I'm thinking of having my wedding cake be a takeoff on Tartine's Lemon Meringue Cake for my wedding. I love love LOVE the look of the torched meringue, and was thinking of turning it into a s'mores cake (graham cracker flavored cake, dark chocolate fudge filling) since our wedding is in early fall. Here's a link to the recipe with pictures from a blog I follow:

http://www.crumblycookie.net/2009/08/09/lemon_meringue_cake/



Anyway, I have a few questions for those of you that have done wedding cakes:

Would this type of frosting (swiss meringue, according to the recipe) hold up well for a wedding cake?

Should I expect a cake maker to charge more, less, or about the same as a regular buttercream cake?

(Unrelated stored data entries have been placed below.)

theorem theorem2p7:
  shows "\<exists>\<alpha> :: real \<times> real. \<not> (fst \<alpha> \<in> \<rat> \<and> snd \<alpha> \<in> \<rat>) \<and>
     (\<forall>p a. best_sim_approx fstar \<alpha> p a \<longrightarrow>
        sgn (fst (approx_vec \<alpha> p a)) = 1 \<and> sgn (snd (approx_vec \<alpha> p a)) = 1)"
proof (intro exI[of _ "(alpha digit1, alpha digit2)"] conjI allI impI)
  show "\<not> (fst (alpha digit1, alpha digit2) \<in> \<rat> \<and> snd (alpha digit1, alpha digit2) \<in> \<rat>)"
    using alpha_digit1_not_rat by simp
  fix p a
  assume "best_sim_approx fstar (alpha digit1, alpha digit2) p a"
  then have "0 < alpha digit1 * p - fst a \<and> 0 < alpha digit2 * p - snd a"
    using best_sim_approx_fstar_pos[of p "fst a" "snd a"] by simp
  then show "sgn (fst (approx_vec (alpha digit1, alpha digit2) p a)) = 1"
    and "sgn (snd (approx_vec (alpha digit1, alpha digit2) p a)) = 1"
    by (simp_all add: approx_vec_def)
qed

end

Is there anything I can get added to the meringue to make it taste more marshmallow-y?

Thanks in advance!

Meghan


----------



## dillonsmimi (Dec 2, 2009)

The only problem I can see is if you want to stack your layers. Just wouldn't look right IMO.  Maybe a lovely swan shaped stand would be pretty and display your confection to it's best advantage. As for pricing....I consider all meringue frostings to be special and charge a bit more to cover the extra eggs and work. About the spoilage factor... think of a lemon meringue pie. It "sweats" in the fridge and will go off quickly in hot weather. Other than the "poison your guests" potential, this is a beautiful treatment and one of my faves for winter weddings.


----------